Add this to the austerity program and it explains why Europe is heading into recession, why stock markets are selling off and why the Yanks are worried that the total effect will hurt their fledgling recovery.
Remember, the US has gone Keynesian by spending as well as increasing debt and the money supply, which is based on the idea that by providing money, demand happens, production results and so do jobs, which brings taxes that will help pay down the debt.
It’s a gamble but it was the big economic lesson of the Great Depression.
The other approach preaches fiscal and monetary restraint – pay off the debt and then this will result in confidence re-emerging, spending and growth.
In times where you don’t have a deep recession and frightened markets, I could sign up for this, especially when it is only a few economies but when it’s a big region like the eurozone, I think the wait and unemployment fallout could create terrible economic conditions for longer than is necessary.
Right now Europe has robbed us of a Santa Claus rally, which would have happened if all EU countries signed up for the fiscal restraint treaty and the ECB started to buy Italian bonds, on the basis that promise of fiscal responsibility justified some monetary stimulation — call it help!
The Dow ended 45.33 points, or 0.38 per cent, higher to 11,868.81.
The S&P rose 3.93 points, or 0.32 per cent, to 1215.75.
Away from Europe, the US economy is showing some great comeback signs. Overnight this is what we found:
- Weekly initial jobless claims came in at a three-and-a-half-year low and this follows last week’s revelation that unemployment is now 8.6 per cent.

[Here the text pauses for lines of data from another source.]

definition cyclic_interval :: "real set \<Rightarrow> bool" where
  "cyclic_interval I \<longleftrightarrow> (\<exists>a\<in>{0..1}. \<exists>b\<in>{0..1}.
      I = cyc_cc a b \<or> I = cyc_oo a b \<or> I = cyc_co a b \<or> I = cyc_oc a b)"

text \<open>u changes sign twice on [0,1] (w.r.t. the measure M on \<open>\<Lambda>\<close>); pointwise conditions are
  imposed at points of \<open>[0,1] \<inter> \<Lambda>\<close>, where u is defined.\<close>
definition changes_sign_twice :: "real measure \<Rightarrow> (real \<Rightarrow> real) \<Rightarrow> bool" where
  "changes_sign_twice M u \<longleftrightarrow>
     emeasure M {x \<in> space M. u x > 0} > 0 \<and> emeasure M {x \<in> space M. u x < 0} > 0 \<and>
     (\<exists>I. cyclic_interval I \<and> interior I \<noteq> {} \<and> interior ({0..1} - I) \<noteq> {} \<and>
        (\<forall>x\<in>I \<inter> Lam. u x \<ge> 0) \<and> (\<forall>x\<in>({0..1} - I) \<inter> Lam. u x \<le> 0))"

text \<open>Closed support (in R) of a measure on \<open>\<Lambda>\<close>.\<close>
definition msupp :: "real measure \<Rightarrow> real set" where
  "msupp M = {x. \<forall>e>0. emeasure M (ball x e \<inter> space M) > 0}"

definition mu_tilde :: "(real \<Rightarrow> real^3) \<Rightarrow> real measure \<Rightarrow> real measure" where
  "mu_tilde chi \<mu> = density \<mu> (\<lambda>x. ennreal (chi x \<bullet> ones3))"

definition c_mu :: "(real \<Rightarrow> real^3) \<Rightarrow> (real \<Rightarrow> real^3) \<Rightarrow> real measure \<Rightarrow> (real \<Rightarrow> real) \<Rightarrow> real^3" where
  "c_mu chi eta \<mu> f = (LINT x:{0..1}|mu_tilde chi \<mu>. f x *\<^sub>R eta x)"

end

(*
  Points of the locus lie in the plane A, which misses the origin, so three of them are
  collinear exactly when their triple product vanishes.  Strict convexity therefore makes
  eta p . (eta q x eta r) nonzero for distinct p, q, r, and since the increasing triples form a
  connected set, its sign is the same for all p < q < r.  Consequently, if lo < hi are the
  endpoints of the cyclic interval I, the linear functional w = +-(eta lo x eta hi) is, along the
  locus, nonnegative on I, nonpositive off I and zero only at lo and hi.

  If c(f) = c(g), then u = f - g is orthogonal to every w . eta on [0,1].  For the functional
  above the integrand u (w . eta) is nonnegative, so u = 0 almost everywhere on [0,1] except at
  lo and hi; an atom at one endpoint is excluded by the functional eta b x eta z, with b the
  other endpoint and z a third point.  As the measure is carried by [0,1], u = 0 almost
  everywhere, contradicting the positivity of the measure of {u > 0}.
*)

theory Submission
  imports Defs
begin

unbundle cross3_syntax

definition independent_triples :: "(real \<Rightarrow> real^3) \<Rightarrow> bool" where
  "independent_triples e \<longleftrightarrow> (\<forall>p\<in>{0..1}. \<forall>q\<in>{0..1}. \<forall>r\<in>{0..1}.
     p \<noteq> q \<and> p \<noteq> r \<and> q \<noteq> r \<longrightarrow> e p \<bullet> (e q \<times> e r) \<noteq> 0)"

lemma inner_ones3: "x \<bullet> ones3 = x$1 + x$2 + x$3"
  by (simp add: ones3_def inner_vec_def sum_3)

lemma inner_ones3_pos:
  assumes "\<And>i. 0 \<le> x $ i" "x \<noteq> 0"
  shows "0 < ones3 \<bullet> x"
proof -
  obtain i where "x $ i \<noteq> 0"
    using assms(2) by (auto simp: vec_eq_iff)
  then have "0 < x $ i"
    using assms(1)[of i] by linarith
  then show ?thesis
    using assms(1)[of 1] assms(1)[of 2] assms(1)[of 3] exhaust_3[of i]
    unfolding inner_commute[of ones3] inner_ones3 by auto
qed

lemma normalized_locus_in_Aplane:
  fixes chi eta :: "real \<Rightarrow> real^3"
  assumes cont: "continuous_on {0..1} eta"
    and eta: "\<And>x. x \<in> {0<..<1} \<Longrightarrow> eta x = (1 / (ones3 \<bullet> chi x)) *\<^sub>R chi x"
    and chi: "\<And>x i. x \<in> {0<..<1} \<Longrightarrow> 0 \<le> chi x $ i" "\<And>x. x \<in> {0<..<1} \<Longrightarrow> chi x \<noteq> 0"
  shows "eta ` {0..1} \<subseteq> Aplane"
proof -
  have "eta x \<bullet> ones3 = 1" if "x \<in> closure {0<..<1::real}" for x
  proof (rule continuous_constant_on_closure[OF _ _ that])
    show "continuous_on (closure {0<..<1::real}) (\<lambda>x. eta x \<bullet> ones3)"
      using cont by (simp add: continuous_on_inner)
    show "eta y \<bullet> ones3 = 1" if "y \<in> {0<..<1}" for y
      using eta[OF that] inner_ones3_pos[OF chi[OF that]] by (simp add: inner_commute)
  qed
  then show ?thesis
    by (auto simp: Aplane_def)
qed
theorem lemma2:
  fixes m n :: nat and a :: "nat \<Rightarrow> nat \<Rightarrow> real" and b :: "nat \<Rightarrow> real"
    and Jset :: "nat \<Rightarrow> nat set" and al :: "nat \<Rightarrow> nat \<Rightarrow> real" and xh :: "nat \<Rightarrow> real"
  assumes J_sub: "\<forall>i\<in>{1..m}. Jset i \<subseteq> {1..n}"
    and al_nonneg: "\<forall>i\<in>{1..m}. \<forall>j\<in>Jset i. 0 \<le> al i j"
    and unique: "\<forall>i\<in>Ihat m n a b Jset al xh. \<forall>G::real. 0 \<le> G \<and> G \<le> real (card (Jset i)) \<and>
                   slack n a b xh i = protection Jset al i G xh \<longrightarrow> G = Gamma_low n a b Jset al xh i"
  shows "(\<forall>G u y z. feasible m n a b Jset al xh G u y z \<longrightarrow> G \<in> Theta m n a b Jset al xh) \<and>
         ((\<forall>i\<in>{1..m}. (\<Sum>j\<in>{1..n}. a i j * xh j) \<ge> b i) \<longrightarrow>
          (\<forall>G\<in>Theta m n a b Jset al xh. \<exists>u y z. feasible m n a b Jset al xh G u y z))"
proof -
  have fin: "\<forall>i\<in>{1..m}. finite (Jset i)"
    using J_sub finite_subset by blast
  show ?thesis
  proof (intro conjI allI impI ballI)
    fix G u y z assume "feasible m n a b Jset al xh G u y z"
    then show "G \<in> Theta m n a b Jset al xh"
      using protection_le_slack_if_feasible[of Jset _ al, OF bspec[OF fin] bspec[OF al_nonneg]]
      by (intro mem_ThetaI[OF fin al_nonneg unique]) blast
  next
    fix G assume "\<forall>i\<in>{1..m}. (\<Sum>j\<in>{1..n}. a i j * xh j) \<ge> b i" "G \<in> Theta m n a b Jset al xh"
    then show "\<exists>u y z. feasible m n a b Jset al xh G u y z"
      by (intro ex_feasible_if_protection_le_slack[OF fin al_nonneg]
          mem_ThetaD[OF fin al_nonneg unique]) (auto simp: slack_def)
  qed
qed
text \<open>Polynomial ring S = K[x_v | v in 'v] with a finite type 'v of variables
  (n = CARD('v)); monomials are exponent vectors 'v =>0 nat.\<close>

type_synonym ('v, 'k) mpoly = "('v \<Rightarrow>\<^sub>0 nat) \<Rightarrow>\<^sub>0 'k"

definition pdiff :: "'v \<Rightarrow> ('v, 'k::comm_ring_1) mpoly \<Rightarrow> ('v, 'k) mpoly" where
  "pdiff i p = (\<Sum>(m::'v \<Rightarrow>\<^sub>0 nat)\<in>Poly_Mapping.keys p.
      Poly_Mapping.single (m - Poly_Mapping.single i 1)
        (of_nat (Poly_Mapping.lookup m i) * Poly_Mapping.lookup p m))"

text \<open>A derivation of S is represented by its coefficient vector
  (delta = sum_i a_i d_i, D being free on the basis d_i); its action on a polynomial.\<close>
type_synonym ('v, 'k) der = "'v \<Rightarrow> ('v, 'k) mpoly"

definition der_apply :: "('v::finite, 'k::comm_ring_1) der \<Rightarrow> ('v, 'k) mpoly \<Rightarrow> ('v, 'k) mpoly" where
  "der_apply \<delta> g = (\<Sum>i\<in>UNIV. \<delta> i * pdiff i g)"

definition Dge :: "('v::finite, 'k::comm_ring_1) mpoly \<Rightarrow> nat \<Rightarrow> ('v, 'k) der set" where
  "Dge g e = {\<delta>. g ^ e dvd der_apply \<delta> g}"

definition Dlog :: "('v::finite, 'k::comm_ring_1) mpoly \<Rightarrow> ('v, 'k) der set" where
  "Dlog f = {\<delta>. \<forall>g e. irreducible g \<and> g dvd f \<and> g ^ e dvd f \<and> \<not> g ^ Suc e dvd f
                  \<longrightarrow> \<delta> \<in> Dge g e}"

definition wdeg :: "('v::finite \<Rightarrow> int) \<Rightarrow> ('v \<Rightarrow>\<^sub>0 nat) \<Rightarrow> int" where
  "wdeg u m = (\<Sum>i\<in>UNIV. u i * int (Poly_Mapping.lookup m i))"

definition whomog :: "('v::finite \<Rightarrow> int) \<Rightarrow> int \<Rightarrow> ('v, 'k::zero) mpoly \<Rightarrow> bool" where
  "whomog u d p \<longleftrightarrow> (\<forall>m\<in>Poly_Mapping.keys p. wdeg u m = d)"

definition hcomp :: "('v::finite \<Rightarrow> int) \<Rightarrow> int \<Rightarrow> ('v, 'k::comm_ring_1) mpoly \<Rightarrow> ('v, 'k) mpoly" where
  "hcomp u d p = (\<Sum>m\<in>{m\<in>Poly_Mapping.keys p. wdeg u m = d}. Poly_Mapping.single m (Poly_Mapping.lookup p m))"
(* Let $d\geq 2$ and $m\geq 1$ be integers. Let $\{e^d_k\}$ and $\{e^{d+m}_k\}$ be the standard bases of $\mathbb{C}^d$ and $\mathbb{C}^{d+m}$, and let $|J\rangle=\sum_{k=1}^d e^d_k$. Define $d\times(d+m)$ matrices $$V_i=\sum_{k=1}^{d}|e^d_k\rangle\langle e^{d+m}_{\mathrm{mod}(k+i-2,\,d+1)+1}|\quad (i=1,\dots,d+1),\qquad V_i=|J\rangle\langle e^{d+m}_i|\quad (i=d+2,\dots,d+m),$$ where $\mathrm{mod}(a,n)\in\{0,\dots,n-1\}$ is the remainder of $a$ modulo $n$, and let $\Phi:M_d\to M_{d+m}$ be $\Phi(X)=\frac{1}{d(d+m)}\sum_{i=1}^{d+m}V_i^\dagger XV_i$. Then the entanglement breaking rank of $\Phi$ equals $d+m$.
   Context: $M_n$ denotes the complex $n\times n$ matrices. A completely positive map is entanglement breaking if its Choi matrix $\sum_{r,s}E_{rs}\otimes\Phi(E_{rs})$ is separable; equivalently, it admits a Kraus decomposition with all Kraus operators of rank one. The entanglement breaking rank of an entanglement breaking map $\Phi$ is the smallest $N$ such that $\Phi(X)=\sum_{i=1}^N R_iXR_i^\dagger$ with every $R_i$ of rank one. *)

theory Defs
  imports "Jordan_Normal_Form.Schur_Decomposition" "Jordan_Normal_Form.DL_Rank"
begin

definition mat_sum :: "nat \<Rightarrow> nat \<Rightarrow> (nat \<Rightarrow> complex mat) \<Rightarrow> nat \<Rightarrow> complex mat" where
  "mat_sum nr nc f N = mat nr nc (\<lambda>(a,b). \<Sum>i<N. f i $$ (a,b))"

definition mrank :: "nat \<Rightarrow> complex mat \<Rightarrow> nat" where
  "mrank nr A = vec_space.rank nr A"

definition rank_one_kraus :: "nat \<Rightarrow> nat \<Rightarrow> (complex mat \<Rightarrow> complex mat) \<Rightarrow> nat \<Rightarrow> bool" where
  "rank_one_kraus n k Phi N \<longleftrightarrow>
     (\<exists>R :: nat \<Rightarrow> complex mat.
        (\<forall>i<N. R i \<in> carrier_mat k n \<and> mrank k (R i) = 1) \<and>
        (\<forall>X \<in> carrier_mat n n. Phi X = mat_sum k k (\<lambda>i. R i * X * mat_adjoint (R i)) N))"

definition entanglement_breaking :: "nat \<Rightarrow> nat \<Rightarrow> (complex mat \<Rightarrow> complex mat) \<Rightarrow> bool" where
  "entanglement_breaking n k Phi \<longleftrightarrow> (\<exists>N. rank_one_kraus n k Phi N)"

definition eb_rank :: "nat \<Rightarrow> nat \<Rightarrow> (complex mat \<Rightarrow> complex mat) \<Rightarrow> nat" where
  "eb_rank n k Phi = (LEAST N. rank_one_kraus n k Phi N)"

- FedEx reported earnings better than expected and this is a good leading indicator company.
- The Philadelphia Fed’s Business Outlook for December shocked economist with a positive reading of 10.3 and this was 6.3 points higher than what was tipped!
- The Empire State general business conditions index put out by the New York Fed shot up to 9.53 from 0.61 in November and this was way over the three reading, which was expected!
- Retail sales over the festive period are forecast to be higher than expected as well.
I think the US will benefit from lower energy prices, which will help the US consumer and this means, if Europe can surprise us all and do something positive for markets, a strong rally is waiting to happen.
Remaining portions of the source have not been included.